§ **Exercise**: Give every entry again, exactly.

++++++

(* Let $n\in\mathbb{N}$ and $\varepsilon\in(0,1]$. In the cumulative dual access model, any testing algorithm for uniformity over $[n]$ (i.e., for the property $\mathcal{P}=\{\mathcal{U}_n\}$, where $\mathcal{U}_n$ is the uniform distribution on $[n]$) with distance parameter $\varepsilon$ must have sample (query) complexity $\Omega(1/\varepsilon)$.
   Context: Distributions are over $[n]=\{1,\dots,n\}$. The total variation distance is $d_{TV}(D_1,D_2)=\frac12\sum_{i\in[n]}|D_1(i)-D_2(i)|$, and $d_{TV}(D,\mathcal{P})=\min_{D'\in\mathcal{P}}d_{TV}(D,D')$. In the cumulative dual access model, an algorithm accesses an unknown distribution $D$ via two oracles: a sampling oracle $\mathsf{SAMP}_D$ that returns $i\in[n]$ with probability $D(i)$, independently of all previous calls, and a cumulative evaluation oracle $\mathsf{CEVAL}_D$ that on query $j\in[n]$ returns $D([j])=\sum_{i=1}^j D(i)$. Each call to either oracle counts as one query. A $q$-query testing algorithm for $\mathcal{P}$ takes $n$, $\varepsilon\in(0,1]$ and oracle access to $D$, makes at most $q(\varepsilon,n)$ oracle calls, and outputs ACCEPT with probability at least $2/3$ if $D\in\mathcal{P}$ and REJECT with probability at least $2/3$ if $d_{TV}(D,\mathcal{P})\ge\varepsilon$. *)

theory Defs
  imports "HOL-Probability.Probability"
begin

++++++

§ **Result of this exercise**:
(* Let $n\in\mathbb{N}$ and $\varepsilon\in(0,1]$. In the cumulative dual access model, any testing algorithm for uniformity over $[n]$ (i.e., for the property $\mathcal{P}=\{\mathcal{U}_n\}$, where $\mathcal{U}_n$ is the uniform distribution on $[n]$) with distance parameter $\varepsilon$ must have sample (query) complexity $\Omega(1/\varepsilon)$.
   Context: Distributions are over $[n]=\{1,\dots,n\}$. The total variation distance is $d_{TV}(D_1,D_2)=\frac12\sum_{i\in[n]}|D_1(i)-D_2(i)|$, and $d_{TV}(D,\mathcal{P})=\min_{D'\in\mathcal{P}}d_{TV}(D,D')$. In the cumulative dual access model, an algorithm accesses an unknown distribution $D$ via two oracles: a sampling oracle $\mathsf{SAMP}_D$ that returns $i\in[n]$ with probability $D(i)$, independently of all previous calls, and a cumulative evaluation oracle $\mathsf{CEVAL}_D$ that on query $j\in[n]$ returns $D([j])=\sum_{i=1}^j D(i)$. Each call to either oracle counts as one query. A $q$-query testing algorithm for $\mathcal{P}$ takes $n$, $\varepsilon\in(0,1]$ and oracle access to $D$, makes at most $q(\varepsilon,n)$ oracle calls, and outputs ACCEPT with probability at least $2/3$ if $D\in\mathcal{P}$ and REJECT with probability at least $2/3$ if $d_{TV}(D,\mathcal{P})\ge\varepsilon$. *)

theory Defs
  imports "HOL-Probability.Probability"
begin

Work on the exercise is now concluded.